Saved entries
(* In the two-player zero-sum setting and algorithm SBMM described in the context, for every $h\in[H]$, $s\in\mathcal{S}$ and any fixed vectors $\underline{V}_{h+1},\overline{V}_{h+1}\in\mathbb{R}^{\mathcal{S}}$, the function $(\mu,\nu)\mapsto\underline{V}_h^{\mu,\nu}(s)$ on $\Delta(\mathcal{A})\times\Delta(\mathcal{B})$ is concave in $\mu$ for each fixed $\nu$ and concave in $\nu$ for each fixed $\mu$, and the function $(\mu,\nu)\mapsto\overline{V}_h^{\mu,\nu}(s)$ is convex in $\mu$ for each fixed $\nu$ and convex in $\nu$ for each fixed $\mu$.
   Context: Two-player zero-sum episodic Markov game: finite state space $\mathcal{S}$ ($|\mathcal{S}|=S$), max-player actions $\mathcal{A}$ ($|\mathcal{A}|=A$), min-player actions $\mathcal{B}$ ($|\mathcal{B}|=B$), horizon $H$. Offline dataset $\mathcal{D}=\{(s_h^k,a_h^k,b_h^k,r_h^k,s_{h+1}^k)\}_{h\in[H],k\in[n]}$. Let $n_h(s,a,b)=\#\{k:(s_h^k,a_h^k,b_h^k)=(s,a,b)\}$, $\mathcal{K}_h(s)=\{(a,b):n_h(s,a,b)\neq0\}$; for $n_h(s,a,b)>0$, $\widehat{r}_h(s,a,b)$ is the average of $r_h^k$ and $\widehat{P}_h(s'|s,a,b)$ the empirical frequency of $s_{h+1}^k=s'$ over those $k$; otherwise both are $0$. $\mathcal{N}(\Pi)>0$ is a fixed number (a covering number of a strategy class) and $\iota=32\log(2ABSHn/\delta)$. The bonus is $b_h(s,\mu,\nu)=H\sqrt{\sum_{(a,b)\in\mathcal{K}_h(s)}\frac{\mu(a)^2\nu(b)^2}{n_h(s,a,b)}\log(\mathcal{N}(\Pi))\iota}+\sqrt{\iota}/n$ for $\mu\in\Delta(\mathcal{A}),\nu\in\Delta(\mathcal{B})$. Define $\underline{Q}_h(s,a,b)=\widehat{r}_h(s,a,b)+\sum_{s'}\widehat{P}_h(s'|s,a,b)\underline{V}_{h+1}(s')$, $\underline{V}_h^{\mu,\nu}(s)=\sum_{a,b}\mu(a)\nu(b)\underline{Q}_h(s,a,b)-b_h(s,\mu,\nu)$, $\overline{Q}_h(s,a,b)=\widehat{r}_h(s,a,b)+\sum_{s'}\widehat{P}_h(s'|s,a,b)\overline{V}_{h+1}(s')+H\mathbf{1}\{(a,b)\notin\mathcal{K}_h(s)\}$, $\overline{V}_h^{\mu,\nu}(s)=\sum_{a,b}\mu(a)\nu(b)\overline{Q}_h(s,a,b)+b_h(s,\mu,\nu)$. *)

theory Defs
  imports "HOL-Analysis.Analysis"
begin

(* Offline dataset: D k h = (s_h^k, a_h^k, b_h^k, r_h^k, s_{h+1}^k), for k < n (episodes)
   and h in {1..H}. States, max-actions, min-actions are finite types. *)
type_synonym ('s,'a,'b) dataset = "nat \<Rightarrow> nat \<Rightarrow> ('s \<times> 'a \<times> 'b \<times> real \<times> 's)"

definition dstate :: "('s \<times> 'a \<times> 'b \<times> real \<times> 's) \<Rightarrow> 's" where "dstate t = fst t"
definition dact :: "('s \<times> 'a \<times> 'b \<times> real \<times> 's) \<Rightarrow> 'a" where "dact t = fst (snd t)"
definition dbct :: "('s \<times> 'a \<times> 'b \<times> real \<times> 's) \<Rightarrow> 'b" where "dbct t = fst (snd (snd t))"
definition drew :: "('s \<times> 'a \<times> 'b \<times> real \<times> 's) \<Rightarrow> real" where "drew t = fst (snd (snd (snd t)))"
definition dnext :: "('s \<times> 'a \<times> 'b \<times> real \<times> 's) \<Rightarrow> 's" where "dnext t = snd (snd (snd (snd t)))"

definition visits :: "('s,'a,'b) dataset \<Rightarrow> nat \<Rightarrow> nat \<Rightarrow> 's \<Rightarrow> 'a \<Rightarrow> 'b \<Rightarrow> nat set" where
  "visits D n h s a b = {k \<in> {..<n}. dstate (D k h) = s \<and> dact (D k h) = a \<and> dbct (D k h) = b}"

definition cnt :: "('s,'a,'b) dataset \<Rightarrow> nat \<Rightarrow> nat \<Rightarrow> 's \<Rightarrow> 'a \<Rightarrow> 'b \<Rightarrow> nat" where
  "cnt D n h s a b = card (visits D n h s a b)"

definition Kset :: "('s,'a,'b) dataset \<Rightarrow> nat \<Rightarrow> nat \<Rightarrow> 's \<Rightarrow> ('a \<times> 'b) set" where
  "Kset D n h s = {(a,b). cnt D n h s a b \<noteq> 0}"

definition rhat :: "('s,'a,'b) dataset \<Rightarrow> nat \<Rightarrow> nat \<Rightarrow> 's \<Rightarrow> 'a \<Rightarrow> 'b \<Rightarrow> real" where
  "rhat D n h s a b = (if cnt D n h s a b = 0 then 0
     else (\<Sum>k\<in>visits D n h s a b. drew (D k h)) / real (cnt D n h s a b))"

definition Phat :: "('s,'a,'b) dataset \<Rightarrow> nat \<Rightarrow> nat \<Rightarrow> 's \<Rightarrow> 'a \<Rightarrow> 'b \<Rightarrow> 's \<Rightarrow> real" where
  "Phat D n h s a b s' = (if cnt D n h s a b = 0 then 0
     else real (card {k \<in> visits D n h s a b. dnext (D k h) = s'}) / real (cnt D n h s a b))"

definition iota :: "'s itself \<Rightarrow> 'a itself \<Rightarrow> 'b itself \<Rightarrow> nat \<Rightarrow> nat \<Rightarrow> real \<Rightarrow> real" where
  "iota _ _ _ H n \<delta> = 32 * ln (2 * real CARD('a) * real CARD('b) * real CARD('s) * real H * real n / \<delta>)"

(* bonus b_h(s,mu,nu); NPi is the covering number N(Pi) *)
definition bonus :: "('s::finite,'a::finite,'b::finite) dataset \<Rightarrow> nat \<Rightarrow> nat \<Rightarrow> real \<Rightarrow> nat \<Rightarrow> nat \<Rightarrow> 's
     \<Rightarrow> real^'a \<Rightarrow> real^'b \<Rightarrow> real" where
  "bonus D n H \<delta> NPi h s \<mu> \<nu> =
     (let \<iota> = iota TYPE('s) TYPE('a) TYPE('b) H n \<delta> in
      real H * sqrt ((\<Sum>(a,b)\<in>Kset D n h s. (\<mu>$a)^2 * (\<nu>$b)^2 / real (cnt D n h s a b))
                      * ln (real NPi) * \<iota>) + sqrt \<iota> / real n)"

definition Qlow :: "('s::finite,'a,'b) dataset \<Rightarrow> nat \<Rightarrow> nat \<Rightarrow> ('s \<Rightarrow> real) \<Rightarrow> 's \<Rightarrow> 'a \<Rightarrow> 'b \<Rightarrow> real" where
  "Qlow D n h Vnext s a b = rhat D n h s a b + (\<Sum>s'\<in>UNIV. Phat D n h s a b s' * Vnext s')"

definition Qup :: "('s::finite,'a,'b) dataset \<Rightarrow> nat \<Rightarrow> nat \<Rightarrow> nat \<Rightarrow> ('s \<Rightarrow> real) \<Rightarrow> 's \<Rightarrow> 'a \<Rightarrow> 'b \<Rightarrow> real" where
  "Qup D n H h Vnext s a b = rhat D n h s a b + (\<Sum>s'\<in>UNIV. Phat D n h s a b s' * Vnext s')
      + real H * (if (a,b) \<notin> Kset D n h s then 1 else 0)"

definition Vlow :: "('s::finite,'a::finite,'b::finite) dataset \<Rightarrow> nat \<Rightarrow> nat \<Rightarrow> real \<Rightarrow> nat \<Rightarrow> nat
     \<Rightarrow> ('s \<Rightarrow> real) \<Rightarrow> 's \<Rightarrow> real^'a \<Rightarrow> real^'b \<Rightarrow> real" where
  "Vlow D n H \<delta> NPi h Vnext s \<mu> \<nu> =
     (\<Sum>a\<in>UNIV. \<Sum>b\<in>UNIV. \<mu>$a * \<nu>$b * Qlow D n h Vnext s a b) - bonus D n H \<delta> NPi h s \<mu> \<nu>"

definition Vup :: "('s::finite,'a::finite,'b::finite) dataset \<Rightarrow> nat \<Rightarrow> nat \<Rightarrow> real \<Rightarrow> nat \<Rightarrow> nat
     \<Rightarrow> ('s \<Rightarrow> real) \<Rightarrow> 's \<Rightarrow> real^'a \<Rightarrow> real^'b \<Rightarrow> real" where
  "Vup D n H \<delta> NPi h Vnext s \<mu> \<nu> =
     (\<Sum>a\<in>UNIV. \<Sum>b\<in>UNIV. \<mu>$a * \<nu>$b * Qup D n H h Vnext s a b) + bonus D n H \<delta> NPi h s \<mu> \<nu>"

definition prob_simplex :: "(real^'a::finite) set" where
  "prob_simplex = {p. (\<forall>i. 0 \<le> p$i) \<and> (\<Sum>i\<in>UNIV. p$i) = 1}"

end

theory Submission
  imports Defs
begin

(* Both value functions are the bilinear payoff sum_{a,b} mu(a) nu(b) Q(a,b), linear in each
   strategy separately, minus resp. plus the bonus. Up to a constant, the bonus is H times the
   Euclidean norm of the vector (mu(a) nu(b) sqrt(log N(Pi) iota / n_h(s,a,b)))_{(a,b) in K_h(s)},
   whose entries are linear in mu for fixed nu and vice versa; such a norm is convex by the
   triangle inequality. This needs log N(Pi) iota >= 0, which holds because N(Pi) >= 1 and the
   argument of the logarithm in iota is at least 1: Isabelle's sqrt is odd on negative reals,
   so a negative factor would turn the bonus concave. *)

lemma convex_on_linear:
  fixes f :: "'v::real_vector \<Rightarrow> real"
  assumes "linear f" and "convex S"
  shows "convex_on S f"
  using assms by (auto intro!: convex_onI simp: linear_add linear_scale)

lemma concave_on_linear:
  fixes f :: "'v::real_vector \<Rightarrow> real"
  assumes "linear f" and "convex S"
  shows "concave_on S f"
  unfolding concave_on_def using assms by (intro convex_on_linear linear_compose_neg)

lemma convex_on_L2_set_linear:
  fixes f :: "'k \<Rightarrow> 'v::real_vector \<Rightarrow> real"
  assumes lin: "\<And>k. linear (f k)" and "convex S"
  shows "convex_on S (\<lambda>x. L2_set (\<lambda>k. f k x) K)"
proof (rule convex_onI[OF _ \<open>convex S\<close>])
  fix t :: real and x y :: 'v
  assume t: "0 < t" "t < 1"
  have "L2_set (\<lambda>k. f k ((1 - t) *\<^sub>R x + t *\<^sub>R y)) K
      = L2_set (\<lambda>k. (1 - t) * f k x + t * f k y) K"
    by (simp add: lin linear_add linear_scale)
  also have "\<dots> \<le> L2_set (\<lambda>k. (1 - t) * f k x) K + L2_set (\<lambda>k. t * f k y) K"
    by (rule L2_set_triangle_ineq)
  also have "\<dots> = (1 - t) * L2_set (\<lambda>k. f k x) K + t * L2_set (\<lambda>k. f k y) K"
    using t by (simp add: L2_set_right_distrib)
  finally show "L2_set (\<lambda>k. f k ((1 - t) *\<^sub>R x + t *\<^sub>R y)) K
      \<le> (1 - t) * L2_set (\<lambda>k. f k x) K + t * L2_set (\<lambda>k. f k y) K" .
qed

lemma convex_prob_simplex: "convex (prob_simplex :: (real^'a::finite) set)"
  unfolding convex_def prob_simplex_def
  by (auto simp: sum.distrib sum_distrib_left[symmetric])

lemma iota_nonneg:
  assumes "0 < n" and "1 \<le> H" and "0 < \<delta>" and "\<delta> \<le> 1"
  shows "0 \<le> iota TYPE('s::finite) TYPE('a::finite) TYPE('b::finite) H n \<delta>"
proof -
  have "1 \<le> real CARD('a) * real CARD('b) * real CARD('s) * real H * real n"
    using assms by (intro mult_ge1_I) (simp_all add: Suc_le_eq)
  then have "1 \<le> 2 * real CARD('a) * real CARD('b) * real CARD('s) * real H * real n / \<delta>"
    using assms by (simp add: le_divide_eq)
  then show ?thesis
    unfolding iota_def by simp
qed

lemma linear_payoff_left:
  "linear (\<lambda>\<mu>::real^'a::finite. \<Sum>a\<in>UNIV. \<Sum>b\<in>UNIV. \<mu>$a * \<nu>$b * Q a b)"
  by (auto intro!: linearI simp: sum.distrib sum_distrib_left algebra_simps)

lemma linear_payoff_right:
  "linear (\<lambda>\<nu>::real^'b::finite. \<Sum>a\<in>UNIV. \<Sum>b\<in>UNIV. \<mu>$a * \<nu>$b * Q a b)"
  by (auto intro!: linearI simp: sum.distrib sum_distrib_left algebra_simps)

lemma bonus_eq_L2_set:
  fixes D :: "('s::finite,'a::finite,'b::finite) dataset" and n H :: nat and \<delta> :: real
  defines "\<iota> \<equiv> iota TYPE('s) TYPE('a) TYPE('b) H n \<delta>"
  assumes "0 \<le> ln (real NPi) * \<iota>"
  shows "bonus D n H \<delta> NPi h s \<mu> \<nu> = real H * L2_set (\<lambda>(a, b). \<mu>$a * \<nu>$b
      * sqrt (ln (real NPi) * \<iota> / real (cnt D n h s a b))) (Kset D n h s) + sqrt \<iota> / real n"
proof -
  have "(\<Sum>(a, b)\<in>K. (\<mu>$a)\<^sup>2 * (\<nu>$b)\<^sup>2 / real (cnt D n h s a b)) * ln (real NPi) * \<iota>
      = (\<Sum>k\<in>K. (case k of (a, b) \<Rightarrow>
          \<mu>$a * \<nu>$b * sqrt (ln (real NPi) * \<iota> / real (cnt D n h s a b)))\<^sup>2)" for K
    using assms(2) by (simp add: sum_distrib_right case_prod_beta power_mult_distrib mult.assoc)
  then show ?thesis
    unfolding bonus_def Let_def L2_set_def \<iota>_def[symmetric] by simp
qed

lemma convex_on_bonus_left:
  fixes D :: "('s::finite,'a::finite,'b::finite) dataset" and S :: "(real^'a) set"
  assumes "0 \<le> ln (real NPi) * iota TYPE('s) TYPE('a) TYPE('b) H n \<delta>" and "convex S"
  shows "convex_on S (\<lambda>\<mu>. bonus D n H \<delta> NPi h s \<mu> \<nu>)"
  unfolding bonus_eq_L2_set[OF assms(1)] using \<open>convex S\<close>
  by (intro convex_on_add convex_on_cmul convex_on_L2_set_linear)
     (auto intro!: linearI simp: convex_on_const algebra_simps split: prod.split)

lemma convex_on_bonus_right:
  fixes D :: "('s::finite,'a::finite,'b::finite) dataset" and S :: "(real^'b) set"
  assumes "0 \<le> ln (real NPi) * iota TYPE('s) TYPE('a) TYPE('b) H n \<delta>" and "convex S"
  shows "convex_on S (\<lambda>\<nu>. bonus D n H \<delta> NPi h s \<mu> \<nu>)"
  unfolding bonus_eq_L2_set[OF assms(1)] using \<open>convex S\<close>
  by (intro convex_on_add convex_on_cmul convex_on_L2_set_linear)
     (auto intro!: linearI simp: convex_on_const algebra_simps split: prod.split)

theorem proposition2:
  fixes D :: "('s::finite,'a::finite,'b::finite) dataset"
    and n H h NPi :: nat and \<delta> :: real
    and VlowNext VupNext :: "'s \<Rightarrow> real" and s :: 's
  assumes "0 < n" and "0 < NPi" and "0 < \<delta>" and "\<delta> < 1"
    and "1 \<le> h" and "h \<le> H"
  shows "(\<forall>\<nu>\<in>prob_simplex. concave_on prob_simplex (\<lambda>\<mu>. Vlow D n H \<delta> NPi h VlowNext s \<mu> \<nu>))
       \<and> (\<forall>\<mu>\<in>prob_simplex. concave_on prob_simplex (\<lambda>\<nu>. Vlow D n H \<delta> NPi h VlowNext s \<mu> \<nu>))
       \<and> (\<forall>\<nu>\<in>prob_simplex. convex_on prob_simplex (\<lambda>\<mu>. Vup D n H \<delta> NPi h VupNext s \<mu> \<nu>))
       \<and> (\<forall>\<mu>\<in>prob_simplex. convex_on prob_simplex (\<lambda>\<nu>. Vup D n H \<delta> NPi h VupNext s \<mu> \<nu>))"
proof -
  have "0 \<le> ln (real NPi)"
    using \<open>0 < NPi\<close> by simp
  moreover have "0 \<le> iota TYPE('s) TYPE('a) TYPE('b) H n \<delta>"
    using assms by (intro iota_nonneg) auto
  ultimately have "0 \<le> ln (real NPi) * iota TYPE('s) TYPE('a) TYPE('b) H n \<delta>"
    by simp
  then show ?thesis
    unfolding Vlow_def Vup_def
    by (intro conjI ballI concave_on_diff convex_on_add concave_on_linear convex_on_linear
        linear_payoff_left linear_payoff_right convex_on_bonus_left convex_on_bonus_right
        convex_prob_simplex)
qed

end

Task objective
Copy word for word the stretch of entries above from the line that has "(a, b) \<Rightarrow>" through the line that has "S (\<lambda>\<mu>. bonus", both ends included, and nothing outside it.

Finished exercise
      = (\<Sum>k\<in>K. (case k of (a, b) \<Rightarrow>
          \<mu>$a * \<nu>$b * sqrt (ln (real NPi) * \<iota> / real (cnt D n h s a b)))\<^sup>2)" for K
    using assms(2) by (simp add: sum_distrib_right case_prod_beta power_mult_distrib mult.assoc)
  then show ?thesis
    unfolding bonus_def Let_def L2_set_def \<iota>_def[symmetric] by simp
qed

lemma convex_on_bonus_left:
  fixes D :: "('s::finite,'a::finite,'b::finite) dataset" and S :: "(real^'a) set"
  assumes "0 \<le> ln (real NPi) * iota TYPE('s) TYPE('a) TYPE('b) H n \<delta>" and "convex S"
  shows "convex_on S (\<lambda>\<mu>. bonus D n H \<delta> NPi h s \<mu> \<nu>)"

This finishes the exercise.